* **TASK INSTRUCTIONS**
Answer with a single number: how many lines in the listing below include "section"?

* **SUPPLIED MATERIAL**
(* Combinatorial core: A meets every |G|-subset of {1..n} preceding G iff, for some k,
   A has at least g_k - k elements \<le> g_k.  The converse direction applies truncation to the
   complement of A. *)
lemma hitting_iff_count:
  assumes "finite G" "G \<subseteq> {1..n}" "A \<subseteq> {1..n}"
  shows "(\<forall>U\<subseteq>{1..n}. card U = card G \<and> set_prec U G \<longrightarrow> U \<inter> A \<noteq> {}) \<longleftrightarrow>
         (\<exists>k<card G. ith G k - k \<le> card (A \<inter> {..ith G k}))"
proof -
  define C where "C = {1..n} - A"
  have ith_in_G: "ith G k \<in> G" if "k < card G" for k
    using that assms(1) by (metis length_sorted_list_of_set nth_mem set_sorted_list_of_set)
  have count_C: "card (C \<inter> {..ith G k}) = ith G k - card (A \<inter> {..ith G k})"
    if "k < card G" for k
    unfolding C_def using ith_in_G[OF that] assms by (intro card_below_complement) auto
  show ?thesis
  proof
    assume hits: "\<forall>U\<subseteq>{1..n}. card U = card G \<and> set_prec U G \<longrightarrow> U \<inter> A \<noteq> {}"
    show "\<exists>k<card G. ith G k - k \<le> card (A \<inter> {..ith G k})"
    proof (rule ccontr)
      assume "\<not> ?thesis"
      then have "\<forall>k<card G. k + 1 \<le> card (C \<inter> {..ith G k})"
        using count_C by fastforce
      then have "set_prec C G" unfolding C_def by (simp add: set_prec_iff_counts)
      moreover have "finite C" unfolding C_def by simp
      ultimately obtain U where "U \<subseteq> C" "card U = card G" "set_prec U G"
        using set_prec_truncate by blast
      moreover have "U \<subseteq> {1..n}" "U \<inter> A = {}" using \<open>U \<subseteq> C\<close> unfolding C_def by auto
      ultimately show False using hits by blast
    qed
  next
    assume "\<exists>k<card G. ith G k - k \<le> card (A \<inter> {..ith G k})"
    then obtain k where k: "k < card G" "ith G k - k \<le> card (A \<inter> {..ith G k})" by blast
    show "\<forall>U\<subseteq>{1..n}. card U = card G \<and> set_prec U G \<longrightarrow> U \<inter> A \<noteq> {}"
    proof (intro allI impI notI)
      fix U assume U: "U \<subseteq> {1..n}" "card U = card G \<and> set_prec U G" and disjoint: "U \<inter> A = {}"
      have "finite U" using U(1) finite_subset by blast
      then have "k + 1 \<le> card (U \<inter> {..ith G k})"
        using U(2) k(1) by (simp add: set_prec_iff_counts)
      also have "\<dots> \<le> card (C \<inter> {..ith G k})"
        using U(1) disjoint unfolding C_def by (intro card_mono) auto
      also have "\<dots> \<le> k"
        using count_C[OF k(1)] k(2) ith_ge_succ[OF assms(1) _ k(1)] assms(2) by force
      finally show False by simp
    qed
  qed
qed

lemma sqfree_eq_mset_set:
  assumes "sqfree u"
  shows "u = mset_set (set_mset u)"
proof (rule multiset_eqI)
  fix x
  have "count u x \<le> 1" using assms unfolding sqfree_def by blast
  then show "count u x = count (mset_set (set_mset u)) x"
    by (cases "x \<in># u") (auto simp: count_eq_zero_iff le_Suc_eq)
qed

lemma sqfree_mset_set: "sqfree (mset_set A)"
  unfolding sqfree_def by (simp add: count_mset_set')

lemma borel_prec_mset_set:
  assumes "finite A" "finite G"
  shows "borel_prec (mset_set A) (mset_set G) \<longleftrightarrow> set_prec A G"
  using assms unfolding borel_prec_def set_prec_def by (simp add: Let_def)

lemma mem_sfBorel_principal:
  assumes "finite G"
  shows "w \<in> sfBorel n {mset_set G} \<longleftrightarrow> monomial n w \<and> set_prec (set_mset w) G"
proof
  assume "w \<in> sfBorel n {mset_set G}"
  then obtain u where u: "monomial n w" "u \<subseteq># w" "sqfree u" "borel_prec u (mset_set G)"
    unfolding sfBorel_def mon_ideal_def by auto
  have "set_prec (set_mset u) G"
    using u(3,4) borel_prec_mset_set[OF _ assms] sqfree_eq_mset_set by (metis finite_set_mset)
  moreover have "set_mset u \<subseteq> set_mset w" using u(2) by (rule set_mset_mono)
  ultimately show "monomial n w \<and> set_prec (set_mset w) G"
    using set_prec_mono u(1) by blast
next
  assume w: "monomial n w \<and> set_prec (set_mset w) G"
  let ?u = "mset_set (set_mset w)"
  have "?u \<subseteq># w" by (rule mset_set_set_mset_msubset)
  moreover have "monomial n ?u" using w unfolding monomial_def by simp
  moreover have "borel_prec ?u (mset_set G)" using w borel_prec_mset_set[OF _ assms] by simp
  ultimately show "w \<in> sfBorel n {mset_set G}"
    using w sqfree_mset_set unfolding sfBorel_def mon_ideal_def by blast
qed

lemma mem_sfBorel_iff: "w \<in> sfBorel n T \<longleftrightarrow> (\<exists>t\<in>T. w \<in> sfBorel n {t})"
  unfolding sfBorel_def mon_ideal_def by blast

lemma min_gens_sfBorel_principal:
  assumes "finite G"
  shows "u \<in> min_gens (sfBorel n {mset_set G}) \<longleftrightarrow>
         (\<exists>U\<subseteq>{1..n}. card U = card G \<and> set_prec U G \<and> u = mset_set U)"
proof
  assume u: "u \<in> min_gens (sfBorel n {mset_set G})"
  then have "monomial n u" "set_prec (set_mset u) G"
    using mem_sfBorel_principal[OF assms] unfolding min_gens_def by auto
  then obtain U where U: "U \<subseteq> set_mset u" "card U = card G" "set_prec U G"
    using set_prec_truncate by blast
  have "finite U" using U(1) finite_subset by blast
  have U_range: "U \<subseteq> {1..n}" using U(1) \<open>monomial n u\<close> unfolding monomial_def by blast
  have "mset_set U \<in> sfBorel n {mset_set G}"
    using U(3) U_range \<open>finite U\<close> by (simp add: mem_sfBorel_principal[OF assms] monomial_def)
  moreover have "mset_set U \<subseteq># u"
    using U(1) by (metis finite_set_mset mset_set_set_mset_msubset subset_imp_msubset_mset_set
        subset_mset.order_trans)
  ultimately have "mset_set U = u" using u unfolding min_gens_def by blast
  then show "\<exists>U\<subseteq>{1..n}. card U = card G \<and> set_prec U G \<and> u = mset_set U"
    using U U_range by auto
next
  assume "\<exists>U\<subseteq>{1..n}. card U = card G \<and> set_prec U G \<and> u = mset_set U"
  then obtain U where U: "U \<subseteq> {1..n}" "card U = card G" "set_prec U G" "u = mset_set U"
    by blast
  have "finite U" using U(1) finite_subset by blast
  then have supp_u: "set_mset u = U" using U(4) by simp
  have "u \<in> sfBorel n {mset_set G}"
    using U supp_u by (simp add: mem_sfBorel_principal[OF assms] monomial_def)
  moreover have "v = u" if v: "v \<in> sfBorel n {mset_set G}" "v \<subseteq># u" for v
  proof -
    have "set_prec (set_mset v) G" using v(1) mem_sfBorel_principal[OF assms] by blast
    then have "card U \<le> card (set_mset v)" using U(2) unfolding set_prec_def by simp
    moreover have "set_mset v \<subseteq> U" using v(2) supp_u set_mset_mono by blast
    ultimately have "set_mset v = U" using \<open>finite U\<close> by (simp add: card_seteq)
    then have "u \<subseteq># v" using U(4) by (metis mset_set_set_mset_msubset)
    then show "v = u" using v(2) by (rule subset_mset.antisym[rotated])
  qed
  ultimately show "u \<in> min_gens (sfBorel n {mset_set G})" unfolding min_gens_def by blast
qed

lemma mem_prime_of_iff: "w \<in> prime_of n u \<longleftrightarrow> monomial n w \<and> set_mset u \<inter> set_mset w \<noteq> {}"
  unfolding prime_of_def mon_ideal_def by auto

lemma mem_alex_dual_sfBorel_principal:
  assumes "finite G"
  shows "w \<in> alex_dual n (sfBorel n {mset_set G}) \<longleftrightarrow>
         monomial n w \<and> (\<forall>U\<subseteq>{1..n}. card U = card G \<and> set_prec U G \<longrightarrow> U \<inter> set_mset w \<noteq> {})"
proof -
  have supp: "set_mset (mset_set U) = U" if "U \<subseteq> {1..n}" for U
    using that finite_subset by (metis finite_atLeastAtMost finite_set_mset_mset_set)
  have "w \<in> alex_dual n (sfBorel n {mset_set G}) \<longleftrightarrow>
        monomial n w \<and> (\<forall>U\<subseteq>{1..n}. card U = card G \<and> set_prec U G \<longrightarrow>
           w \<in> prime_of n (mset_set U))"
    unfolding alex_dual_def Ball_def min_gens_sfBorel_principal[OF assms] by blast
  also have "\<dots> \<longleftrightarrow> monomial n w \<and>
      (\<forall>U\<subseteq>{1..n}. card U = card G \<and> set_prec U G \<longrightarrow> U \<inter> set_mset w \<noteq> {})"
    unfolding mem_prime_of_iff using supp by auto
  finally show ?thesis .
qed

--

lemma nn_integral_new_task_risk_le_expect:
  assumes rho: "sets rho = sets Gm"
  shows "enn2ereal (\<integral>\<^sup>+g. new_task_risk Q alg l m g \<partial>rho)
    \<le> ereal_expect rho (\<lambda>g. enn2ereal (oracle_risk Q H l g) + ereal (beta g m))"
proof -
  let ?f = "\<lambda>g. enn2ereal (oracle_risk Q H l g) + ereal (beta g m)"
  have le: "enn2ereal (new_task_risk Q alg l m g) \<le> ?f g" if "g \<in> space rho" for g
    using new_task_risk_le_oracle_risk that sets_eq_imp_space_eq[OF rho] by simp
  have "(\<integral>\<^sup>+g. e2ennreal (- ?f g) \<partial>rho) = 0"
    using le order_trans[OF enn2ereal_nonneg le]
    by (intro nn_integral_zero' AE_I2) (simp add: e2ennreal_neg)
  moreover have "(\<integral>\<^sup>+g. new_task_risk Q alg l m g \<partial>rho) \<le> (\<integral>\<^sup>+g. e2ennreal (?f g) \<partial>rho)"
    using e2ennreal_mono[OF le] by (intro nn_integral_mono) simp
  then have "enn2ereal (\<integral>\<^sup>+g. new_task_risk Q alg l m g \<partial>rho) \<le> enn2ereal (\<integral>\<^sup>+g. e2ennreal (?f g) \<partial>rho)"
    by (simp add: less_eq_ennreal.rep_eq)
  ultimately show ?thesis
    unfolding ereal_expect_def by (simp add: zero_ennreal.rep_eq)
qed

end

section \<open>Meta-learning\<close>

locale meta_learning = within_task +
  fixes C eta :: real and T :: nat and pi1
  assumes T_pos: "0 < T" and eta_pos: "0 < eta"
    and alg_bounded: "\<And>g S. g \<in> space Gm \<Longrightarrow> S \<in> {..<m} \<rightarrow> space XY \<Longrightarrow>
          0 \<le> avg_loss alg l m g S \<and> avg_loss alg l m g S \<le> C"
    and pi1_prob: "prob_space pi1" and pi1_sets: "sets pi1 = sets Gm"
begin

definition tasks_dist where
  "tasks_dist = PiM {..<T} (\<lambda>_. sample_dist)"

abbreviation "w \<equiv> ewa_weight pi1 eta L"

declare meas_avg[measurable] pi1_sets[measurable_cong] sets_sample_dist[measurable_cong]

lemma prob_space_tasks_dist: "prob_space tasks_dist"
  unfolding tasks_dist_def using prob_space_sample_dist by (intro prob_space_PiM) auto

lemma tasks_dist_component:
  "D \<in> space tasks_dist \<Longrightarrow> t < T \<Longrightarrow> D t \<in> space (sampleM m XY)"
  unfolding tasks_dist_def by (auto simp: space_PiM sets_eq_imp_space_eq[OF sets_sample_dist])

--

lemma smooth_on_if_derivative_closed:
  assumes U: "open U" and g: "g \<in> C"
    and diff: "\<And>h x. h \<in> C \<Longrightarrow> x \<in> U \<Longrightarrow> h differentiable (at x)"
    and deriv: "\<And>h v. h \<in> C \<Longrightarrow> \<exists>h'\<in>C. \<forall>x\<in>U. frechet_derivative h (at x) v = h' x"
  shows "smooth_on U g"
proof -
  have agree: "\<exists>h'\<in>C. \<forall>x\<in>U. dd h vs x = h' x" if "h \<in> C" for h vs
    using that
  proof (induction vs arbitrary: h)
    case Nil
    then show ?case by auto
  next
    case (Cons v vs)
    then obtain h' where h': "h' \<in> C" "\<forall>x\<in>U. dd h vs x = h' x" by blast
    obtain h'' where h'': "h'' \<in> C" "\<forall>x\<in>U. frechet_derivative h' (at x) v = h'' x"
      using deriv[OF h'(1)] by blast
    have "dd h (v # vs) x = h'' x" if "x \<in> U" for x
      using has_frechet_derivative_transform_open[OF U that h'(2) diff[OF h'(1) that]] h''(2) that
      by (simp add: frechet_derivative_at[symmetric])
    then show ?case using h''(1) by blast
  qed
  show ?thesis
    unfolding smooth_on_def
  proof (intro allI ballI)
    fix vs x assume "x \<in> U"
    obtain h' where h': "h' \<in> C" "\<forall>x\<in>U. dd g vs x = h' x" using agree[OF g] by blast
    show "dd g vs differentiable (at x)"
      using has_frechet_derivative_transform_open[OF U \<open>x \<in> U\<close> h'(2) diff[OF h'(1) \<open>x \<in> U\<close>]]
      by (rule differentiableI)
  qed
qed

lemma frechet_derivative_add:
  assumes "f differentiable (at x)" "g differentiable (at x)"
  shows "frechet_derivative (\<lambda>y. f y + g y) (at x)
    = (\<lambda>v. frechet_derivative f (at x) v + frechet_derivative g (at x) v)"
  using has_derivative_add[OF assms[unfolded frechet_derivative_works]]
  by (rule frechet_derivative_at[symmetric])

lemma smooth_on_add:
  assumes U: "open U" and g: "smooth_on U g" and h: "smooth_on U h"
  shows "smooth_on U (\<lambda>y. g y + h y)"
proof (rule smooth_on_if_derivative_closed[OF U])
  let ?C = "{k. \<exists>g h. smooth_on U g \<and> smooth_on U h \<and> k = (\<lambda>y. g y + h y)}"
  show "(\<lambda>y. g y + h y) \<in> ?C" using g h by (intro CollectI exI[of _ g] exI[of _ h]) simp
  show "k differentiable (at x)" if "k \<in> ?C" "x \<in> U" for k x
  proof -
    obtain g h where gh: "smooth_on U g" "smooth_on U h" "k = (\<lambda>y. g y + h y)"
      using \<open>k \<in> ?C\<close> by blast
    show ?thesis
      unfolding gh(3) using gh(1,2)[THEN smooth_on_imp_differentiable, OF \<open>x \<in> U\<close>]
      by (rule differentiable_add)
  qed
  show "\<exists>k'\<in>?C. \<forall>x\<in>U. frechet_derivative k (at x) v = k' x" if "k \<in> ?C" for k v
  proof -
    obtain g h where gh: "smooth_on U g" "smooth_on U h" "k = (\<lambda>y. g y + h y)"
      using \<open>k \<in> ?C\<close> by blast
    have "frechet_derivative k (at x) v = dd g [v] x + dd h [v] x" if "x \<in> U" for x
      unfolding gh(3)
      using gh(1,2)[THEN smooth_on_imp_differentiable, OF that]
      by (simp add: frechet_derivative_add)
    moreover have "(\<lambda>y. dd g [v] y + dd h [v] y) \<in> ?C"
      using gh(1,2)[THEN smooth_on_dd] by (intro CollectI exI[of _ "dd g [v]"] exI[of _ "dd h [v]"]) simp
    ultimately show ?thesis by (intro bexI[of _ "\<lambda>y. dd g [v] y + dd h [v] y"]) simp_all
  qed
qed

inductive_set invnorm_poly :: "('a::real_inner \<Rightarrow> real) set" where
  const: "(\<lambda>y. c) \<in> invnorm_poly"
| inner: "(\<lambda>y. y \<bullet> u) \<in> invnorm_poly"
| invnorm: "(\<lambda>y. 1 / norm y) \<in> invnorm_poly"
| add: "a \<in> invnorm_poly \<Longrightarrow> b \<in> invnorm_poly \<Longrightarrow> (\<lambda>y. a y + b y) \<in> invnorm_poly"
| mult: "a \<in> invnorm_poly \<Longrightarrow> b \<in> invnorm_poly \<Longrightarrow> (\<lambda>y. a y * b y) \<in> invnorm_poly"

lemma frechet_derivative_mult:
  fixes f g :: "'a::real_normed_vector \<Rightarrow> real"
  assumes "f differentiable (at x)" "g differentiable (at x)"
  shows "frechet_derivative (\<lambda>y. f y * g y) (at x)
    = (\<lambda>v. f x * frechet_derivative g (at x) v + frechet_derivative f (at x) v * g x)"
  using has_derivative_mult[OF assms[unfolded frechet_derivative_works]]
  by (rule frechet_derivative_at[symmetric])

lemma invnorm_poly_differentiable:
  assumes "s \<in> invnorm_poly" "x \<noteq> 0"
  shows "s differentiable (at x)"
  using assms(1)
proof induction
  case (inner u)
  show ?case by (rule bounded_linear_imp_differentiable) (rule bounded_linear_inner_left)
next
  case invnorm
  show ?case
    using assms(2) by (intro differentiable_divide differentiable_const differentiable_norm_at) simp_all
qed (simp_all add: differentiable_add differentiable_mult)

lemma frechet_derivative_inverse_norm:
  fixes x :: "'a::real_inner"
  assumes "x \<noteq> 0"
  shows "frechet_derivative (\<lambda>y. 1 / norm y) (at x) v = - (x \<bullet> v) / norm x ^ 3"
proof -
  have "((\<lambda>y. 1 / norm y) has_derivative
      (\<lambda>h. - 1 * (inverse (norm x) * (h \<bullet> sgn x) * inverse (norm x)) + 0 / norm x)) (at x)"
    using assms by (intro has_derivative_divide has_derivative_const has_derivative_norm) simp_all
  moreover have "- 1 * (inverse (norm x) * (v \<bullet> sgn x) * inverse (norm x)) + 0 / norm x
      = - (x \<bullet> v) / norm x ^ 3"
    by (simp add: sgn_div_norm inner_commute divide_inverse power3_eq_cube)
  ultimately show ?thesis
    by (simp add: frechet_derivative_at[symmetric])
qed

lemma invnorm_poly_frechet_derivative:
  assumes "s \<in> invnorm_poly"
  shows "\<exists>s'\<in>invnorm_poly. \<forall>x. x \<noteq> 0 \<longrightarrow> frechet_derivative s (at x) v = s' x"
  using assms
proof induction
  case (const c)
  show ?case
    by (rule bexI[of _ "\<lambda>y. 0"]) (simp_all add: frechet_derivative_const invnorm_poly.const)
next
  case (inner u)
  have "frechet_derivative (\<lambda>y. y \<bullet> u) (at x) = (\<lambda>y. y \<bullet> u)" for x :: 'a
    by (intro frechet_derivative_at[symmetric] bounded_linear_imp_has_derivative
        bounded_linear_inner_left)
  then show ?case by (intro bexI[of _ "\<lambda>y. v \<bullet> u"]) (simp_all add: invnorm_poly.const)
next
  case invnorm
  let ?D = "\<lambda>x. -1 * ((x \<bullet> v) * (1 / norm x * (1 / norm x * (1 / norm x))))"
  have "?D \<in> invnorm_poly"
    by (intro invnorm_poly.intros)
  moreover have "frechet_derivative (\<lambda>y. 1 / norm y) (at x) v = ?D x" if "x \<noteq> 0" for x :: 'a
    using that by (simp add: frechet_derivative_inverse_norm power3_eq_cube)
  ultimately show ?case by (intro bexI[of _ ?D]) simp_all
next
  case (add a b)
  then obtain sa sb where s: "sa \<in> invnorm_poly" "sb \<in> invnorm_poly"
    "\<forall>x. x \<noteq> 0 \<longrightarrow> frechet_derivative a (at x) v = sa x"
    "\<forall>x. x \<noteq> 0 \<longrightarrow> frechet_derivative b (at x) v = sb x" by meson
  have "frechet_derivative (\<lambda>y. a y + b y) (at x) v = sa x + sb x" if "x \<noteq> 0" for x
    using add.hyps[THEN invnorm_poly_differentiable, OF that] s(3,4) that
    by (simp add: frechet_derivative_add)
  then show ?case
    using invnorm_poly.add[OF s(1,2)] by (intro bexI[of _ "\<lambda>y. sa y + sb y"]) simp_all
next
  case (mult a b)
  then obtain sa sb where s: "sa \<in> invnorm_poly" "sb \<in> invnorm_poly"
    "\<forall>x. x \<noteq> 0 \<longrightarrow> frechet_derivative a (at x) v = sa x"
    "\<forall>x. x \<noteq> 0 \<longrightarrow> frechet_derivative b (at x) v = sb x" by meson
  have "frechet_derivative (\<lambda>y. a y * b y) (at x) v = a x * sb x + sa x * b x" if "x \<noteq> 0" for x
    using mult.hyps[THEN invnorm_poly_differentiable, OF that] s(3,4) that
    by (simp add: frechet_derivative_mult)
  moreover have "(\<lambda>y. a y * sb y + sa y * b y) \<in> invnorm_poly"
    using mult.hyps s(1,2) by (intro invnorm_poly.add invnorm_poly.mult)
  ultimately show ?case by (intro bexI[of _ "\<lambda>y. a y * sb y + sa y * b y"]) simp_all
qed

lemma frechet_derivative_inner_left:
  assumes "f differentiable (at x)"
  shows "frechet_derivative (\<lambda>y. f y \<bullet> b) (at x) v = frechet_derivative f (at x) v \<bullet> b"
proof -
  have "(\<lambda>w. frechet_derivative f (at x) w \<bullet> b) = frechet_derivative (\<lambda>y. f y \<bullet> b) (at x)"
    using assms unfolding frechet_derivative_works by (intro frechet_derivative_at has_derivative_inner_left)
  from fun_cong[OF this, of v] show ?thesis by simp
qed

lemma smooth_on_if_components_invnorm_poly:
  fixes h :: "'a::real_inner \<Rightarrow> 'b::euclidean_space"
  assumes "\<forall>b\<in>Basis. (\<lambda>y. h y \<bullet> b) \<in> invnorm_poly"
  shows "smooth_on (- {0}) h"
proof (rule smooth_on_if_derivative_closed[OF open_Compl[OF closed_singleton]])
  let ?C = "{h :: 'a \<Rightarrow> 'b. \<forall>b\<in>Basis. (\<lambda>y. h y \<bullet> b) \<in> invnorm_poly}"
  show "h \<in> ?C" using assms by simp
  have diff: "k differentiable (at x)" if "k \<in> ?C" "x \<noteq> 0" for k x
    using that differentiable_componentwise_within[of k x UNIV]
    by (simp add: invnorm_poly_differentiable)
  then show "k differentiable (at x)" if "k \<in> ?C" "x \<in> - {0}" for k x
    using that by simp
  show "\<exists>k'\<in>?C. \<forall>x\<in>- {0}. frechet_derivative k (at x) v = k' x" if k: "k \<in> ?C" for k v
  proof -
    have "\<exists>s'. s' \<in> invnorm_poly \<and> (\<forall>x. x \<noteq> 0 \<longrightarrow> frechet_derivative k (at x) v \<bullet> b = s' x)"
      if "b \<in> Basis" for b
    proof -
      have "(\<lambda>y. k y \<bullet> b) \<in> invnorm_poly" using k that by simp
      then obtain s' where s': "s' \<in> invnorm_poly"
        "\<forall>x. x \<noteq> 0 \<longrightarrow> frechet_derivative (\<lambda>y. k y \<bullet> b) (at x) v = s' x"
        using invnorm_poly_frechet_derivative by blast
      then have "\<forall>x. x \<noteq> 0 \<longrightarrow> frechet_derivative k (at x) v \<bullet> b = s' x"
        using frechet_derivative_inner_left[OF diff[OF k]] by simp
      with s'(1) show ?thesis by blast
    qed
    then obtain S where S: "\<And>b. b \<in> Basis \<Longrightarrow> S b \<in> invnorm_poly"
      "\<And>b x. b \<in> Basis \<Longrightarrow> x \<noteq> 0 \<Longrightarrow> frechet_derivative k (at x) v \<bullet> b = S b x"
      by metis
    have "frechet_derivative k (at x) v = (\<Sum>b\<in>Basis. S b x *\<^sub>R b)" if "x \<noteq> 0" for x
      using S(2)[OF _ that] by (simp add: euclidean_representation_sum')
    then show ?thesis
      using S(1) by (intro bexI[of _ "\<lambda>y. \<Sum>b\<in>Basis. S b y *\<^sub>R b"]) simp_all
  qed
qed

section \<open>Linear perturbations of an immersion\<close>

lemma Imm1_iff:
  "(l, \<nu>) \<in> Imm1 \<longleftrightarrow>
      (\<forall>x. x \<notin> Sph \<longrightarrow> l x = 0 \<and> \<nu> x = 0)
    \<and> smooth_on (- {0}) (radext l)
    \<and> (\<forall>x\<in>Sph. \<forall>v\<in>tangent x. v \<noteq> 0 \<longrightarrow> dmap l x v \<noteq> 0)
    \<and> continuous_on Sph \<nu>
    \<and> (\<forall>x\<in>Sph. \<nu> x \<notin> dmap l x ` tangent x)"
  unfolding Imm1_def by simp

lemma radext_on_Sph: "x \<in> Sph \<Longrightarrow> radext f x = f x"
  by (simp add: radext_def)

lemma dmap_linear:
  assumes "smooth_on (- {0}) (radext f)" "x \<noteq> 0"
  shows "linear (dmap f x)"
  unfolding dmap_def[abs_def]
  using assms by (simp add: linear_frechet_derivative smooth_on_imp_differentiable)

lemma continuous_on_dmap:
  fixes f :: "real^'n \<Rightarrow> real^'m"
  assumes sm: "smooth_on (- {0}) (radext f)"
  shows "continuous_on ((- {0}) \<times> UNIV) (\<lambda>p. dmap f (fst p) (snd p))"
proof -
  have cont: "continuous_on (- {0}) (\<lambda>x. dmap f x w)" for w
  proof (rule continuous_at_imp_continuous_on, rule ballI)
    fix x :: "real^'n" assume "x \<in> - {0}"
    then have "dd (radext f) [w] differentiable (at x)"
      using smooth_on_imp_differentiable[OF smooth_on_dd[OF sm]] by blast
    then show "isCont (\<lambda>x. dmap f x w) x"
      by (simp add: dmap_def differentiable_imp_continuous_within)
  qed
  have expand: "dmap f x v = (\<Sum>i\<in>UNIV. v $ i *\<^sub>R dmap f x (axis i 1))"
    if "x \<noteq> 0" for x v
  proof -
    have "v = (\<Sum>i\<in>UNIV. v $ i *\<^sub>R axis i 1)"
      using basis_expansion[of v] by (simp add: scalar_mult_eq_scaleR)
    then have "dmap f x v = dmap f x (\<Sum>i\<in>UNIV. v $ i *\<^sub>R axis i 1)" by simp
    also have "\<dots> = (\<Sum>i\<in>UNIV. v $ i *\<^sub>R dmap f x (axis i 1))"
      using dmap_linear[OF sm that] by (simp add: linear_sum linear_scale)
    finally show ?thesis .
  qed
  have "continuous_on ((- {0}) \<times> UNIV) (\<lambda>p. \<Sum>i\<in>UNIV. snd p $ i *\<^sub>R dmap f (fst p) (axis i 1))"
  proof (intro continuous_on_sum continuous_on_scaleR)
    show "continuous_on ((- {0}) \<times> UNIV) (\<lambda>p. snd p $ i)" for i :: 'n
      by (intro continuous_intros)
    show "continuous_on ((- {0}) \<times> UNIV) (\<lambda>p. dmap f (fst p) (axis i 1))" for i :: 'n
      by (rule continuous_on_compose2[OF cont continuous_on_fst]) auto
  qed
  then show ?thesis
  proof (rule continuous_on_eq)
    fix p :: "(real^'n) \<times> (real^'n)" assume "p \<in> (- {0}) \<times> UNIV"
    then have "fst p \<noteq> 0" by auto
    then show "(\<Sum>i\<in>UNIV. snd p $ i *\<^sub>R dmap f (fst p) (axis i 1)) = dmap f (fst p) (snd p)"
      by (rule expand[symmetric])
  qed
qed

* **EXPECTED ANSWER**
2